Non vi parlo degli altri amori di Ingeborg Bachmann, non ce la faccio. Non vi dico di quel soldato, Jack Hamesh, che le bacia la mano di ragazzina prima di partire con il convoglio e di lei che piange a dirotto seduta su un albero di mele e medita di non lavarsi la mano mai.
Non vi dico degli altri, che pure sono stati affascinanti e brutali, perché posso parlarvi solo di lui, che, dice Ingeborg, “era la mia vita”.
Questa storia, quindi, è solo la storia di due poeti che si sono innamorati in sei settimane e che si sono scritti per 19 anni.
Cominciamo con la loro poesia.
Ingeborg Bachmann a Paul Celan ne hanno una, che citano sempre nelle loro lettere, si intitola Corona. Intendono la ghirlanda ma anche, e soprattutto, la luce del sole, il suo contorno che si vede durante un’eclisse totale. Quando, insomma, tutta la luce è coperta fatta eccezione per quella striscia che lotta per un istante di evidenza.
Il loro amore è così: combatte sempre con l’oscuro. Il buio della disperazione di Celan, poeta ebreo scampato ai lager, ma anche il mistero senza luce che è il luogo indeterminato dove comincia il gesto della scrittura.
“Ci diciamo cose oscure” recita un verso di Corona.
Nei lunghi anni della corrispondenza, i due poeti cercano le parole dove trovarsi, ricordano il loro maggio e il loro giugno, quella primavera di sei settimane dove c’è stato il loro incontro. Quando sono disperati, pensano alla fessura di quei giorni insieme a Vienna, in un parco, nel 1948.
Forse mi inganno, forse è vero che noi ci schiviamo proprio quando vorremmo tanto incontrarci, forse colpevoli siamo tutti e due.
[…]
Ma tu non mi dici quanto lontani sono, dietro quest’anno, il nostro maggio e il nostro giugno…

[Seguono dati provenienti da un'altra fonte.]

(* Let $\mathcal E$ be an exchangeability system for a noncommutative probability space $(\mathcal A,\phi)$ and let $(X_{i,j})_{i\in[m],\,j\in[n_i]}\subseteq\mathcal A$, $n=n_1+\dots+n_m$. Then $$K_m\Big(\prod_{j=1}^{n_1}X_{1,j},\prod_{j=1}^{n_2}X_{2,j},\dots,\prod_{j=1}^{n_m}X_{m,j}\Big)=\sum_{\substack{\sigma\in\Pi_n\\ \sigma\ \text{indecomposable}}}K_\sigma(X_{1,1},\dots,X_{1,n_1},X_{2,1},\dots,X_{m,n_m}),$$ where products are taken in increasing order of $j$.
   Context: A noncommutative probability space is a pair $(\mathcal A,\phi)$ of a complex unital algebra $\mathcal A$ and a unital linear functional $\phi$. An exchangeability system $\mathcal E$ for $(\mathcal A,\phi)$ consists of a noncommutative probability space $(\mathcal U,\tilde\phi)$ and a family $(\iota_k)_{k\in\mathbb N}$ of embeddings (injective unital algebra homomorphisms) $\iota_k:\mathcal A\to\mathcal A_k\subseteq\mathcal U$ with $\tilde\phi\circ\iota_k=\phi$; write $X^{(k)}=\iota_k(X)$. It is required that for all $X_1,\dots,X_n\in\mathcal A$, indices $i_1,\dots,i_n\in\mathbb N$ and bijections $\sigma$ of $\mathbb N$, $\tilde\phi(X_1^{(i_1)}\cdots X_n^{(i_n)})=\tilde\phi(X_1^{(\sigma(i_1))}\cdots X_n^{(\sigma(i_n))})$; this value depends only on the kernel of $j\mapsto i_j$ and for a partition $\pi$ is denoted $\phi_\pi(X_1,\dots,X_n)$. $\Pi_n$ is the lattice of set partitions of $[n]$ under refinement with Möbius function $\mu$ and join $\vee$; $K_\pi=\sum_{\sigma\le\pi}\phi_\sigma\,\mu(\sigma,\pi)$, and $K_m(Y_1,\dots,Y_m)=K_{\hat1_m}(Y_1,\dots,Y_m)$ (equivalently $\frac1m\tilde\phi(Y_1^\omega\cdots Y_m^\omega)$ with $Y^\omega=\sum_{k=1}^m\omega^kY^{(k)}$, $\omega$ a primitive $m$-th root of unity). Identify $[n]$ with $\{(i,j):i\in[m],j\in[n_i]\}$ in lexicographic order. Each $\pi\in\Pi_m$ induces $\tilde\pi\in\Pi_n$ with blocks $\{(i,j):i\in B,j\in[n_i]\}$ for $B\in\pi$. A partition $\sigma\in\Pi_n$ is indecomposable if $\sigma\vee\tilde{\hat0}_m=\tilde{\hat1}_m$, where $\hat0_m,\hat1_m$ are the minimal and maximal elements of $\Pi_m$. *)

theory Defs
  imports Complex_Main "HOL-Library.Disjoint_Sets"
begin

text \<open>A complex unital algebra is modelled as a type of class ring_1 together with a
  complex scalar multiplication making it a complex vector space, compatible with the
  product.\<close>

locale nc_prob_space =
  fixes scl :: "complex \<Rightarrow> 'a::ring_1 \<Rightarrow> 'a"
    and phi :: "'a \<Rightarrow> complex"
  assumes vs: "vector_space scl"
    and scl_mult_left: "\<And>c x y. scl c (x * y) = scl c x * y"
    and scl_mult_right: "\<And>c x y. scl c (x * y) = x * scl c y"
    and phi_linear: "Vector_Spaces.linear scl (*) phi"
    and phi_unital: "phi 1 = 1"

locale exch_system =
  A: nc_prob_space sclA phi + U: nc_prob_space sclU phiU
  for sclA :: "complex \<Rightarrow> 'a::ring_1 \<Rightarrow> 'a" and phi :: "'a \<Rightarrow> complex"
    and sclU :: "complex \<Rightarrow> 'u::ring_1 \<Rightarrow> 'u" and phiU :: "'u \<Rightarrow> complex" +
  fixes iota :: "nat \<Rightarrow> 'a \<Rightarrow> 'u"
  assumes iota_inj: "\<And>k. inj (iota k)"
    and iota_linear: "\<And>k. Vector_Spaces.linear sclA sclU (iota k)"
    and iota_mult: "\<And>k x y. iota k (x * y) = iota k x * iota k y"
    and iota_one: "\<And>k. iota k 1 = 1"
    and iota_phi: "\<And>k x. phiU (iota k x) = phi x"
    and exchangeable: "\<And>(Xs :: 'a list) (is :: nat list) (\<sigma> :: nat \<Rightarrow> nat).
        length is = length Xs \<Longrightarrow> bij \<sigma> \<Longrightarrow>
        phiU (prod_list (map2 (\<lambda>x i. iota i x) Xs is))
        = phiU (prod_list (map2 (\<lambda>x i. iota (\<sigma> i) x) Xs is))"

definition partitions :: "nat \<Rightarrow> nat set set set" where
  "partitions n = {P. partition_on {..<n} P}"

definition refines :: "'b set set \<Rightarrow> 'b set set \<Rightarrow> bool" where
  "refines \<sigma> \<pi> \<longleftrightarrow> (\<forall>B\<in>\<sigma>. \<exists>C\<in>\<pi>. B \<subseteq> C)"

definition hat0 :: "nat \<Rightarrow> nat set set" where
  "hat0 m = (\<lambda>i. {i}) ` {..<m}"

definition hat1 :: "nat \<Rightarrow> nat set set" where
  "hat1 m = {{..<m}}"

definition join_part :: "nat \<Rightarrow> nat set set \<Rightarrow> nat set set \<Rightarrow> nat set set" where
  "join_part n \<sigma> \<pi> = (THE \<rho>. \<rho> \<in> partitions n \<and> refines \<sigma> \<rho> \<and> refines \<pi> \<rho> \<and>
     (\<forall>\<tau>\<in>partitions n. refines \<sigma> \<tau> \<and> refines \<pi> \<tau> \<longrightarrow> refines \<rho> \<tau>))"

definition moebius_part :: "nat \<Rightarrow> nat set set \<Rightarrow> nat set set \<Rightarrow> int" where
  "moebius_part n = (THE f.
     (\<forall>\<sigma>\<in>partitions n. \<forall>\<pi>\<in>partitions n. refines \<sigma> \<pi> \<longrightarrow>
        (\<Sum>\<rho>\<in>{\<rho>\<in>partitions n. refines \<sigma> \<rho> \<and> refines \<rho> \<pi>}. f \<sigma> \<rho>)
          = (if \<sigma> = \<pi> then 1 else 0)) \<and>
     (\<forall>\<sigma> \<pi>. \<not> (\<sigma> \<in> partitions n \<and> \<pi> \<in> partitions n \<and> refines \<sigma> \<pi>) \<longrightarrow> f \<sigma> \<pi> = 0))"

Paul Celan in una lettera a Ingeborg Bachmann Troviamo le parole, Ingeborg Bachmann - Paul Celan. Lettere 1948 -1973, Nottetempo, 2010.
Si parlano nei versi, si scrivono lettere che sono desiderio, mancanza e malinteso. Mettono il loro amore e quel parco nelle poesie e nei romanzi. Ingeborg Bachmann fa dire questo alla protagonista di un suo libro, quando si sveglia impaurita, dopo una notte di incubi.
Stai calma, pensa al parco, pensa alla foglia, pensa al giardino di Vienna, al nostro albero, la paulonia fiorisce. Mi calmo subito perché la stessa cosa è successa a noi due.
Ingeborg Bachmann in Malina, Adelphi
Dopo qualche mese Celan fugge a Parigi. Bachmann resta a Vienna, prima di inaugurare il suo nomadismo che la condanna a non “prendere paese”. Non si vedono per molto tempo, si scrivono lettere frammentate, si aspettano e poi si dimenticano di essere attesi, si sposano con altre persone che hanno il carattere forte che serve a sostenerli.
Ma il dialogo letterario di Paul e Ingeborg - e il loro sentimento - continua per anni nelle poesie di lei e in quelle di lui, nel modo in cui si amalgama la loro metrica. Persino nelle metafore che compongono c’è il ricordo dell’altro, di come parla. Bachmann scrive, esausta, “i miei pensieri cercano sempre te”.